• EXERCISE DESCRIPTION:
Only the lines below starting at the one containing "using chain_min_le[OF D'" and ending at the one containing "i D = take i" belong in the answer, each copied exactly.

----- STORED DATA

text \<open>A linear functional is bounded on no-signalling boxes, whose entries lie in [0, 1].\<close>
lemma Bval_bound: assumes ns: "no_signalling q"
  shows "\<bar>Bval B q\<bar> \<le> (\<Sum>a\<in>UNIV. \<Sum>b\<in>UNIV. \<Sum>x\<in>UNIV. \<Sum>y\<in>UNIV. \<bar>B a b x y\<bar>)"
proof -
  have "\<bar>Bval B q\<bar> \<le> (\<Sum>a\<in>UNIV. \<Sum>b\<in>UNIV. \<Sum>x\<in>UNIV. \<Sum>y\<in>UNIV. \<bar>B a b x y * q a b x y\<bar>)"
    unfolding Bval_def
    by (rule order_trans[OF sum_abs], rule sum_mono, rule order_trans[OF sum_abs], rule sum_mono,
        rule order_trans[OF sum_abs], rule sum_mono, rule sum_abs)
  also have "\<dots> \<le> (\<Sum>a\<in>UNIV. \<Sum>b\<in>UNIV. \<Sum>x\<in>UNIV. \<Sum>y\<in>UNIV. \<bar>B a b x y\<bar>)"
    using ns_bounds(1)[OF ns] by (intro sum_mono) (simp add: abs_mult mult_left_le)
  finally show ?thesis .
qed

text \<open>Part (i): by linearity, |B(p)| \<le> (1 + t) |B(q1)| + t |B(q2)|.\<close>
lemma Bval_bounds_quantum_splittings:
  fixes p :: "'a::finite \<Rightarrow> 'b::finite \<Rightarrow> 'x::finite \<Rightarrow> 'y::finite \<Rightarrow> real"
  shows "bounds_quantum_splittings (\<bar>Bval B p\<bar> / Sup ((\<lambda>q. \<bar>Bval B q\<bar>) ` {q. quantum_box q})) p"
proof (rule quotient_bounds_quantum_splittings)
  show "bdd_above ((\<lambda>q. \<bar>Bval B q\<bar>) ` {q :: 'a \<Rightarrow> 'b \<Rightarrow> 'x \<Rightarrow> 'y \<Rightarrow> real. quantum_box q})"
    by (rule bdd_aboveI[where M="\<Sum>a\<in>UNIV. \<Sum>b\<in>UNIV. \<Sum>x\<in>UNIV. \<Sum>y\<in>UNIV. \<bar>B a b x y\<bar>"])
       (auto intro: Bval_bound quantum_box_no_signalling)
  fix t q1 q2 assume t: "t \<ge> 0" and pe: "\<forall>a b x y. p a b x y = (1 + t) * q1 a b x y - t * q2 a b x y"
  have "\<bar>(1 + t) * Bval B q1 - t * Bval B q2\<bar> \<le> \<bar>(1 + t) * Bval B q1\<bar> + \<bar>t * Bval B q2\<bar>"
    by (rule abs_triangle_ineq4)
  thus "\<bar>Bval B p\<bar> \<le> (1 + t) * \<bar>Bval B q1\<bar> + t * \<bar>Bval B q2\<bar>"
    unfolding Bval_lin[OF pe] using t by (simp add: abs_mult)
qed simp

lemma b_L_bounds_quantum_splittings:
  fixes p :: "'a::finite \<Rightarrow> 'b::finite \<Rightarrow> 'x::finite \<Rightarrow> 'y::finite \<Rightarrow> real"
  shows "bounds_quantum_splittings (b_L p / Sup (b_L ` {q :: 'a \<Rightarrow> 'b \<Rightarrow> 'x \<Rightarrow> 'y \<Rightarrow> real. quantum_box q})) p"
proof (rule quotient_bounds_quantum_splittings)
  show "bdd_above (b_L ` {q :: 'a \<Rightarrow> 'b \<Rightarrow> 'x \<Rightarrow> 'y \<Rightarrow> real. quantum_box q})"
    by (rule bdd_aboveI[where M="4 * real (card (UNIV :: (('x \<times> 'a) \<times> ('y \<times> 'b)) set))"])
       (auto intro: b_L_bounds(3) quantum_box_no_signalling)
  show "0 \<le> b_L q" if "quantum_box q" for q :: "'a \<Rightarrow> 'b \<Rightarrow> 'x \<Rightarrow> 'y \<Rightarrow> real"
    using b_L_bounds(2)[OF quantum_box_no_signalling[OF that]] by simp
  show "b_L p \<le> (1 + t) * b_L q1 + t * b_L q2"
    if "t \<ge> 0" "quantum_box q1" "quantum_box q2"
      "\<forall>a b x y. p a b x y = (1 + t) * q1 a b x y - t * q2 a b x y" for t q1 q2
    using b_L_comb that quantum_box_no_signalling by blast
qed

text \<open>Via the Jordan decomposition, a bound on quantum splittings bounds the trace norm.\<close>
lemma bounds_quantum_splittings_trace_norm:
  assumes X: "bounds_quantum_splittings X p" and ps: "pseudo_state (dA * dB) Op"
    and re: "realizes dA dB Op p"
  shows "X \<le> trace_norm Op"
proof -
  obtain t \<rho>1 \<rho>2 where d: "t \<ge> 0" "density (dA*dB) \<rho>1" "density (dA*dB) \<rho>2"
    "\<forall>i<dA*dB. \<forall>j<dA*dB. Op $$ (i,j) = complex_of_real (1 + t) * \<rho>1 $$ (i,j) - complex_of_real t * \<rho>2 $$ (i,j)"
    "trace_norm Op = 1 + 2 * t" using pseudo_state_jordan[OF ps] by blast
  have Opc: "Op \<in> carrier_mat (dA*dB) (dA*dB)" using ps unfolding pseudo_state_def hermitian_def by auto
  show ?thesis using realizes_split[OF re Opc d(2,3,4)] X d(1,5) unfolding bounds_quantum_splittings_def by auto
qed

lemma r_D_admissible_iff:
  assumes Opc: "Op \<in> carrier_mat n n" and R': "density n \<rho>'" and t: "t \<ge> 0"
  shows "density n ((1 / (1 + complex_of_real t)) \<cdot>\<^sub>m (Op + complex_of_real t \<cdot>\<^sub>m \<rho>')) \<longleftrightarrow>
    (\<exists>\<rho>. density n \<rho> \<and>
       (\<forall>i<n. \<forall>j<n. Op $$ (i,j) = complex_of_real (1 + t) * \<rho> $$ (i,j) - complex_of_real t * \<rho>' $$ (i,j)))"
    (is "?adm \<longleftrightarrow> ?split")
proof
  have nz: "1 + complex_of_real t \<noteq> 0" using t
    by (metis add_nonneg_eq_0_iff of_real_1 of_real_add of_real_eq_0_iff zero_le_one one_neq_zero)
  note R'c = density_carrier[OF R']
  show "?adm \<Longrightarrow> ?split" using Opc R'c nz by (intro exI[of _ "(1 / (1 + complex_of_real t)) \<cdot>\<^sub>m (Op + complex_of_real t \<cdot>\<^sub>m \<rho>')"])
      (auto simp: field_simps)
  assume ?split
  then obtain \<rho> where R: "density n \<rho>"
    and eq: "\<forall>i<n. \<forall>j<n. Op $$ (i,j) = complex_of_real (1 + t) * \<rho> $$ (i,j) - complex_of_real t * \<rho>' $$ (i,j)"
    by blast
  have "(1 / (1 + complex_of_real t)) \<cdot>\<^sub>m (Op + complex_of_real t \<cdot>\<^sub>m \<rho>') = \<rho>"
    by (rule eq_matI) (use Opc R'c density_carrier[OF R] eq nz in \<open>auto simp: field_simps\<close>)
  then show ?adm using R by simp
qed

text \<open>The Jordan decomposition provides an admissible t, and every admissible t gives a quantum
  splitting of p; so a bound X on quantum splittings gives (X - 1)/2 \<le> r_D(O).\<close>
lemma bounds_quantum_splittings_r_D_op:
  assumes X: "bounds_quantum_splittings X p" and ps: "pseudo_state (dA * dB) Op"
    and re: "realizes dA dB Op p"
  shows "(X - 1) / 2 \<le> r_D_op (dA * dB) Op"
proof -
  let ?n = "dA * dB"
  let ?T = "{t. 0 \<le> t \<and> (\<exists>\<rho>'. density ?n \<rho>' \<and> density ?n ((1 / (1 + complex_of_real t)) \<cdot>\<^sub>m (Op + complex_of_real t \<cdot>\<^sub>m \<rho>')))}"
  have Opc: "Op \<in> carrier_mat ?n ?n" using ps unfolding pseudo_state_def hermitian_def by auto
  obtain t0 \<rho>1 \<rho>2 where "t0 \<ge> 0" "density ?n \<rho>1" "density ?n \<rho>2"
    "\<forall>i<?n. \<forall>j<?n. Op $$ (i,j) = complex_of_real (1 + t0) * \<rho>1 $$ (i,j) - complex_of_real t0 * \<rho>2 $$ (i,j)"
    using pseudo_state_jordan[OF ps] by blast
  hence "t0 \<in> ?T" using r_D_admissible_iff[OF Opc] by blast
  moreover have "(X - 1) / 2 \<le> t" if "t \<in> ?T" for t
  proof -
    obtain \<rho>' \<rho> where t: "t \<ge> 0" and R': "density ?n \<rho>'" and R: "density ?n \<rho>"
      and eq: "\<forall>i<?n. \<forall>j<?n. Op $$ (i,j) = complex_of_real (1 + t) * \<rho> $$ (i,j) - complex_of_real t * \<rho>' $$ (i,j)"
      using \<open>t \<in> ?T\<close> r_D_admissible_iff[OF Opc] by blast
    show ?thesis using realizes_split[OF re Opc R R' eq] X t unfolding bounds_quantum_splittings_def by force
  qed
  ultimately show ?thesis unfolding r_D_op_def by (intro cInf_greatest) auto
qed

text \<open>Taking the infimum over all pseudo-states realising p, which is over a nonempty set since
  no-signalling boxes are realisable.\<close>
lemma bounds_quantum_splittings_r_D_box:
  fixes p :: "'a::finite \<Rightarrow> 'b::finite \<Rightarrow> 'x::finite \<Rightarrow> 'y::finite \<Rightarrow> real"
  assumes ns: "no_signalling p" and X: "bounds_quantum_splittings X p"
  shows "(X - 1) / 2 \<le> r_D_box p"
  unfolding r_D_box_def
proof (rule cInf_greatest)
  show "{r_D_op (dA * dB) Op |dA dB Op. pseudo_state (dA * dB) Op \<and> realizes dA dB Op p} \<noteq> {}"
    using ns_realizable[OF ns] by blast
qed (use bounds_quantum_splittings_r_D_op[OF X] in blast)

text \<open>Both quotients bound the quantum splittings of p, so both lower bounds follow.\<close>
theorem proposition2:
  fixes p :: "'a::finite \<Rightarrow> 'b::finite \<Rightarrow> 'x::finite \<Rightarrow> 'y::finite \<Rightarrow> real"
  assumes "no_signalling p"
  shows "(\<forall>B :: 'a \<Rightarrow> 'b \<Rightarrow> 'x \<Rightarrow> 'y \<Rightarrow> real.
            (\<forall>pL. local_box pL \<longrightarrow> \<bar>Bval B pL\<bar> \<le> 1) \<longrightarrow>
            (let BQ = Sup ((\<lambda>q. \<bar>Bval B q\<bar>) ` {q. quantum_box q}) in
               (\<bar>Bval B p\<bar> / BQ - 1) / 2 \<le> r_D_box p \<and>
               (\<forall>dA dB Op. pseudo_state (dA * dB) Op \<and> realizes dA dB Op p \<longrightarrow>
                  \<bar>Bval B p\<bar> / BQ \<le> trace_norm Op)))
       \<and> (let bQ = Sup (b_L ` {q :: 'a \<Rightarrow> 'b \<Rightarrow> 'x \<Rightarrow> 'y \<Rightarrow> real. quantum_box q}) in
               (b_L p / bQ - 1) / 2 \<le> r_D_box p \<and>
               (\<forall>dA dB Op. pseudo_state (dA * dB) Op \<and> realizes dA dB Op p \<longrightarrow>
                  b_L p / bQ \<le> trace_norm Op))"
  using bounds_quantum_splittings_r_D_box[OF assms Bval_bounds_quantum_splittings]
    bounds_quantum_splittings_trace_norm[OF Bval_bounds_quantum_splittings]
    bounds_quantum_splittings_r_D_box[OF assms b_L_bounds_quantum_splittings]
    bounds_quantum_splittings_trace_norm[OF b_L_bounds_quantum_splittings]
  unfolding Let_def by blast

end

----------
----- STORED DATA

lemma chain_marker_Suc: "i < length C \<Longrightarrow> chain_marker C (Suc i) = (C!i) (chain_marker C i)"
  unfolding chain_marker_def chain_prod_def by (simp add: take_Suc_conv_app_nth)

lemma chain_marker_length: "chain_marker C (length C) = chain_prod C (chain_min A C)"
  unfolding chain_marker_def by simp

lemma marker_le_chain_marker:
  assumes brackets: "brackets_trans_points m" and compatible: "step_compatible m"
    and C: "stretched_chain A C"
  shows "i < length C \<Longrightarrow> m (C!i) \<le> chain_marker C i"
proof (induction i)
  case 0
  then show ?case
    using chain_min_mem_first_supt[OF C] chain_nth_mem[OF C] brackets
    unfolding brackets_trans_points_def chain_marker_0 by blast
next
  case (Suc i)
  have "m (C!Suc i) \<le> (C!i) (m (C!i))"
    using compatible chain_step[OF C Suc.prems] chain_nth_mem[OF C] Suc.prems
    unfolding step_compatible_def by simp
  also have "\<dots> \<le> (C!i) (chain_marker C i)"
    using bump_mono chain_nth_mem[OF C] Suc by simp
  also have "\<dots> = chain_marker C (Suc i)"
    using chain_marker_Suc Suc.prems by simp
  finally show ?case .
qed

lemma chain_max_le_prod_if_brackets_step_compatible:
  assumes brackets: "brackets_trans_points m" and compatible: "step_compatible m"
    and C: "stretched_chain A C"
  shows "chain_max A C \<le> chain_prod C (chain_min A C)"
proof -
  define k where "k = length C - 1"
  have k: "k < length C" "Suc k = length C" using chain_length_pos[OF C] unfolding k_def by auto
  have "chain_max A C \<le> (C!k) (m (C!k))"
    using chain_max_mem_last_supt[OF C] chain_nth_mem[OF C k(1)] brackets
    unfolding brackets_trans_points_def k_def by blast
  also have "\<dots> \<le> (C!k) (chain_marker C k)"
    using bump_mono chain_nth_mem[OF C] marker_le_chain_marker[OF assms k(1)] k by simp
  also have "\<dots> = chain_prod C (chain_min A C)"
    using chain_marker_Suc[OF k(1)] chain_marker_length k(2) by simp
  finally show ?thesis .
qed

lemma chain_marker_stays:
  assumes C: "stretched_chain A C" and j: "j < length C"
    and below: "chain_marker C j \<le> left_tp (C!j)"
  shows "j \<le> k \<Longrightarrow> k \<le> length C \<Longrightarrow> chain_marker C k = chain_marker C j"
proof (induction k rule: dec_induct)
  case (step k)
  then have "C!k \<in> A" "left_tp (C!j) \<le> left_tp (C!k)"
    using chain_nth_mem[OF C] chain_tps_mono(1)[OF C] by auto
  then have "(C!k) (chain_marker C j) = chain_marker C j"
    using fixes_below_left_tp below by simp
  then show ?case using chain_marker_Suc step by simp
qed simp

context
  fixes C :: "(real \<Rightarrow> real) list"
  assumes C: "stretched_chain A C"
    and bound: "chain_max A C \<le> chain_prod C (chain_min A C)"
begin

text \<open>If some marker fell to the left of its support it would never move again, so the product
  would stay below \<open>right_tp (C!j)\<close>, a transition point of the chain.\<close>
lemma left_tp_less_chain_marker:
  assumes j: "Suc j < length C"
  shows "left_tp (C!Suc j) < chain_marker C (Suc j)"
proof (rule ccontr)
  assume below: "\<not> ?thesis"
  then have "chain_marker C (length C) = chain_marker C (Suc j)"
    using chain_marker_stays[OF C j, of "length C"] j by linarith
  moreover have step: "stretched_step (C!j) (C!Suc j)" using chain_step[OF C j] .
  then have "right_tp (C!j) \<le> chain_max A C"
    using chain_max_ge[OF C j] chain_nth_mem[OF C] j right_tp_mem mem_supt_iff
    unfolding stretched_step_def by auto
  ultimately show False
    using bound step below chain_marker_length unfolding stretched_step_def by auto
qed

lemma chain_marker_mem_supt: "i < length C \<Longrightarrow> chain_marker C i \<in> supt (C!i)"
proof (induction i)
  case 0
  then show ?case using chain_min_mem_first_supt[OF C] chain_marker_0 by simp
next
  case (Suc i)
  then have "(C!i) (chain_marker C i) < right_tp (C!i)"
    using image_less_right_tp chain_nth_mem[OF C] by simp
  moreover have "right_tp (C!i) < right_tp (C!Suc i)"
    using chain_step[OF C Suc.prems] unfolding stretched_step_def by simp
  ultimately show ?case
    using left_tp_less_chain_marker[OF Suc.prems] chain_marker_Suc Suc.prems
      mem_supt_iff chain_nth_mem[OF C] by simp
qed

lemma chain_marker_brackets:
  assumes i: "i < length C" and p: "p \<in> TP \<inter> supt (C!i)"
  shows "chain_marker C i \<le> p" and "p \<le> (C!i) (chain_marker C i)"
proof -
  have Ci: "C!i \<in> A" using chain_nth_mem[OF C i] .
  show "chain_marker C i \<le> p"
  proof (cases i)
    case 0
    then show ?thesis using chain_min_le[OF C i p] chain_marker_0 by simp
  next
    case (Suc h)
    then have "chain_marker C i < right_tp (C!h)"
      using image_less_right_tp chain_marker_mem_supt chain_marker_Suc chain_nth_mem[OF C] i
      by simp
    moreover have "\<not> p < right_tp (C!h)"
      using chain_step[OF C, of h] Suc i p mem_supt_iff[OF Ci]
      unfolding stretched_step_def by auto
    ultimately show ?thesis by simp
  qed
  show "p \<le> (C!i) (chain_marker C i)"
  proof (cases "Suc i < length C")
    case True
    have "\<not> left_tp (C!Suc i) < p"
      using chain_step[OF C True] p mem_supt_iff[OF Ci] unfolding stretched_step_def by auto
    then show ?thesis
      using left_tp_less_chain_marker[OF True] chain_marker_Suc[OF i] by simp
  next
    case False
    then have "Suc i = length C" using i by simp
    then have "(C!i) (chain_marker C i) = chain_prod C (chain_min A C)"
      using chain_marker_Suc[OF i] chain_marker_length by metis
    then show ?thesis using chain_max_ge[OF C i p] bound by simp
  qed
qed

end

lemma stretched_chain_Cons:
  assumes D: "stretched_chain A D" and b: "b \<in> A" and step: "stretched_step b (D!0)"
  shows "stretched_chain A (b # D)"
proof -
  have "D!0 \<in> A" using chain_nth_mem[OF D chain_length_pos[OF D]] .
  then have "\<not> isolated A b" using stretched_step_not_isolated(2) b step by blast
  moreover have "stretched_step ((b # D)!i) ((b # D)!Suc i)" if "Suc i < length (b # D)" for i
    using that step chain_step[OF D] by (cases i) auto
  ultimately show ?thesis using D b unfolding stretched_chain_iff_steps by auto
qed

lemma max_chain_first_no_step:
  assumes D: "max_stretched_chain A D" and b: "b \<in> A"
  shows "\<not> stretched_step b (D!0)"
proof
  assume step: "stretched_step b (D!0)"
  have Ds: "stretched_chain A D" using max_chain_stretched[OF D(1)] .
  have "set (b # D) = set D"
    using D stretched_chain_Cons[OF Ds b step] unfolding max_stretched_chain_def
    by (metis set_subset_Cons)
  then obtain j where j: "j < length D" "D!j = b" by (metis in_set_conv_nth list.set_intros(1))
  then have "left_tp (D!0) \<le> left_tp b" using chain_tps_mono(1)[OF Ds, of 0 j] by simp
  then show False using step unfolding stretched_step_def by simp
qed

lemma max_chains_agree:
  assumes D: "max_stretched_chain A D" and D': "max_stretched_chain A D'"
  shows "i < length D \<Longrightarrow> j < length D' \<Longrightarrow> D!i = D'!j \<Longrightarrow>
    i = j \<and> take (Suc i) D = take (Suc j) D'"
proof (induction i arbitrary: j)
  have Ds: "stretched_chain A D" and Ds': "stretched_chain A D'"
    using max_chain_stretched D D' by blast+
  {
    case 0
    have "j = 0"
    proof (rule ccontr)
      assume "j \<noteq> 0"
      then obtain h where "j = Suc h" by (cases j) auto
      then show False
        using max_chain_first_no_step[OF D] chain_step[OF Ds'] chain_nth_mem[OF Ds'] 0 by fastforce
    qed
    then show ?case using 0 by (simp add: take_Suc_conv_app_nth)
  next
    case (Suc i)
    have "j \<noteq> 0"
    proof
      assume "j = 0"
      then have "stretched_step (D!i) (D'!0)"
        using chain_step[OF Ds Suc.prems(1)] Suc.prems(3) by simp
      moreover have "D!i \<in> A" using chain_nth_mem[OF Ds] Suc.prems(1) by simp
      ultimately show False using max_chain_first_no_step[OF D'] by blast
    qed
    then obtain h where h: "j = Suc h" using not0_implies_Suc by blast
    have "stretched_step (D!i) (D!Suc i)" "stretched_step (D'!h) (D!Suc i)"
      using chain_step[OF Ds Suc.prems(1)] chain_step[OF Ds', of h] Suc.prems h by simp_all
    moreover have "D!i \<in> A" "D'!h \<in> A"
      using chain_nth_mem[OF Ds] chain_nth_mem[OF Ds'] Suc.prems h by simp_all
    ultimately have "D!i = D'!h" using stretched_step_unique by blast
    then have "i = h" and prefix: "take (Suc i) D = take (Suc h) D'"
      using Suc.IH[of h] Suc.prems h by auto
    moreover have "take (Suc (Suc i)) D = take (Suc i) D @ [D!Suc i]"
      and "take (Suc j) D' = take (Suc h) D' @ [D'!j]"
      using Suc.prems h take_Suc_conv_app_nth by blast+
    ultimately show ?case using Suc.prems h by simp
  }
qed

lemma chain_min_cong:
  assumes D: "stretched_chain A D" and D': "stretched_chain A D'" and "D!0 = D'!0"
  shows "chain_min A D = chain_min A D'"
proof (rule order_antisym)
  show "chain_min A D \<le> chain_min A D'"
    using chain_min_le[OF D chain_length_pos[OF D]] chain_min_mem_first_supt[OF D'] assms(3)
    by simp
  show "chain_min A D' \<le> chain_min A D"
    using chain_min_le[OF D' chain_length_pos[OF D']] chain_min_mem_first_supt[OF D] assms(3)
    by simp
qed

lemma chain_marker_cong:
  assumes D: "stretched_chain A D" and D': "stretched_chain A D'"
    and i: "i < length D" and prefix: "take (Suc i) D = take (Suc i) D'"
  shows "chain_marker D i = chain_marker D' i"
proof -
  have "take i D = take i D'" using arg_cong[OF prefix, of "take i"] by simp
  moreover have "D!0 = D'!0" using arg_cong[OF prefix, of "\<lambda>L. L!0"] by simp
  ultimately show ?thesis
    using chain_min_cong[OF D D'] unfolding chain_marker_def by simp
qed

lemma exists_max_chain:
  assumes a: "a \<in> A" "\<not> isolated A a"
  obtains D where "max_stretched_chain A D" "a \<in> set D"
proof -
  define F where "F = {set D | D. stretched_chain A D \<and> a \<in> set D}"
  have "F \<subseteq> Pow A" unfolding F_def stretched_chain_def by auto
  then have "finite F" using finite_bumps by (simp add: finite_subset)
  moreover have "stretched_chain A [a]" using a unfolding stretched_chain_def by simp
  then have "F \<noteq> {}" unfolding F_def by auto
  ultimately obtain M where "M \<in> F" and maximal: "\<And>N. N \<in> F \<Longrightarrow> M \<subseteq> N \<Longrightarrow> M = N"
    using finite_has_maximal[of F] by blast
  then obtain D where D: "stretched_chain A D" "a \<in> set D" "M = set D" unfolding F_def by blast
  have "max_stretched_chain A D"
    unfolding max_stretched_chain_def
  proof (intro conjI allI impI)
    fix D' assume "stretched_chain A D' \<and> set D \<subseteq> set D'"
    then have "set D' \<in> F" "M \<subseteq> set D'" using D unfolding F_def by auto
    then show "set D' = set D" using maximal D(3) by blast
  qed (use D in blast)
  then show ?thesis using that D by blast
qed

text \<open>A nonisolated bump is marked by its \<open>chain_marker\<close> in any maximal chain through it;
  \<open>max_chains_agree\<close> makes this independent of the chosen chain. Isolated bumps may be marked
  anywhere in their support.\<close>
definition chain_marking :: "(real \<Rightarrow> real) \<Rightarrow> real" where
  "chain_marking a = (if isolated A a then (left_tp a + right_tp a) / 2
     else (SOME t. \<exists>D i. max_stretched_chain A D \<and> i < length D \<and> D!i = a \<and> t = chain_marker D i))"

----------
----- STORED DATA

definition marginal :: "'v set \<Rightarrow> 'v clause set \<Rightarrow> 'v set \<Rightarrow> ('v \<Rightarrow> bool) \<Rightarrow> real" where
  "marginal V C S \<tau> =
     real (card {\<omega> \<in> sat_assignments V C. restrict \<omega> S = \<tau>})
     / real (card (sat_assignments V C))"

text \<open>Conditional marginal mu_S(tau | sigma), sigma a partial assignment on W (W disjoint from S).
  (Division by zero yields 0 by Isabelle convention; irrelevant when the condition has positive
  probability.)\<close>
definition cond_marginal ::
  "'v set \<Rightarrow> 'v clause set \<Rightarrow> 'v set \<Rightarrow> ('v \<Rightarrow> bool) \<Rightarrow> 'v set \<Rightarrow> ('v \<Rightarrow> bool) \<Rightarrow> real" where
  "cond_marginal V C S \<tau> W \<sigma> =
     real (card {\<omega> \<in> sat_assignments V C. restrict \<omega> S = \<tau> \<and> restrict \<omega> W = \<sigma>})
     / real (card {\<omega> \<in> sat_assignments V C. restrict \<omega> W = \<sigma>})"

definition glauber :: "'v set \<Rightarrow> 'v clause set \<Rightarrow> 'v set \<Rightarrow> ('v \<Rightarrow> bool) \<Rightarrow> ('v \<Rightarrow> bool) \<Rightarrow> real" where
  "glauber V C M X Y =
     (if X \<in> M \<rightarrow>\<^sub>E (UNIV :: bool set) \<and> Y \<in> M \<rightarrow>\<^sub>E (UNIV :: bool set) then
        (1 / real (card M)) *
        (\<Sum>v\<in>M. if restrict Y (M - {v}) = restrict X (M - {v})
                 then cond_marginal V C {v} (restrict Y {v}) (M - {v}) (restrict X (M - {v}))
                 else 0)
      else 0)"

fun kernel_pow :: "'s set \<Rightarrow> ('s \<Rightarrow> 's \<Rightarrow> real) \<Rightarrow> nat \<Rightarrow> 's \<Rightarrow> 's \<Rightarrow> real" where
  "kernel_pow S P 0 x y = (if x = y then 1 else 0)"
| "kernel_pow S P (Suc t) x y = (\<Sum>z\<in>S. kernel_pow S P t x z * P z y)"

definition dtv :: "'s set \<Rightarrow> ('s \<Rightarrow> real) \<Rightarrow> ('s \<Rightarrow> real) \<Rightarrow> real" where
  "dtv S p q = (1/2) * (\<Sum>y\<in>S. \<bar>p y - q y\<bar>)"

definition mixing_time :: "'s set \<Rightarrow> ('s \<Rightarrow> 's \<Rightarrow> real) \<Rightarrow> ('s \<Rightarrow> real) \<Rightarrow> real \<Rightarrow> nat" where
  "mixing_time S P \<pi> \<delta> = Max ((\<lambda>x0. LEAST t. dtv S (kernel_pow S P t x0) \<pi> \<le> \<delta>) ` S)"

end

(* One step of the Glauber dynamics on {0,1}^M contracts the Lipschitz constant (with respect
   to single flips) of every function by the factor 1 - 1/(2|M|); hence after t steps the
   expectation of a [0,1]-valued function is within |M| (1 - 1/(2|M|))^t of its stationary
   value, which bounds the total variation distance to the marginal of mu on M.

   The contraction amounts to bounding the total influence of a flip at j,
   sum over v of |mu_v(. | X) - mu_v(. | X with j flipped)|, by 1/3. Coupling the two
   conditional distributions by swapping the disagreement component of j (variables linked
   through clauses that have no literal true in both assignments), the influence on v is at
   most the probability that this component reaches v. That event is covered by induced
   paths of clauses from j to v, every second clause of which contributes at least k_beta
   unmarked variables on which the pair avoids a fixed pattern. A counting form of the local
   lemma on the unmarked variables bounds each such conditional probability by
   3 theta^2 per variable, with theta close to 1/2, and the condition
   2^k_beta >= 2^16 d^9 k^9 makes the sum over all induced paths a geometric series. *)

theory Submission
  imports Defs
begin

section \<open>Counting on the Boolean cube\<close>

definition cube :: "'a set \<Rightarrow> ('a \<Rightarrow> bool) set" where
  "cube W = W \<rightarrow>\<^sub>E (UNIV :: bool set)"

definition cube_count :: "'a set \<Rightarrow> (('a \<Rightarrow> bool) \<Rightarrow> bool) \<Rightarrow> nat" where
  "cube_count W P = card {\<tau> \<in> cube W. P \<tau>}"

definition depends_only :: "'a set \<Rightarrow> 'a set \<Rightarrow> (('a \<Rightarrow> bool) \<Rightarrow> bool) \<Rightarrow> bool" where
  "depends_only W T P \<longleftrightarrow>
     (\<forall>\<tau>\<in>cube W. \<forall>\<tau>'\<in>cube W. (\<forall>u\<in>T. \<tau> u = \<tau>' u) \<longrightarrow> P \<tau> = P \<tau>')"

----------

• RESPONSE BELOW:
    using chain_min_le[OF D' chain_length_pos[OF D']] chain_min_mem_first_supt[OF D] assms(3)
    by simp
qed

lemma chain_marker_cong:
  assumes D: "stretched_chain A D" and D': "stretched_chain A D'"
    and i: "i < length D" and prefix: "take (Suc i) D = take (Suc i) D'"
  shows "chain_marker D i = chain_marker D' i"
proof -
  have "take i D = take i D'" using arg_cong[OF prefix, of "take i"] by simp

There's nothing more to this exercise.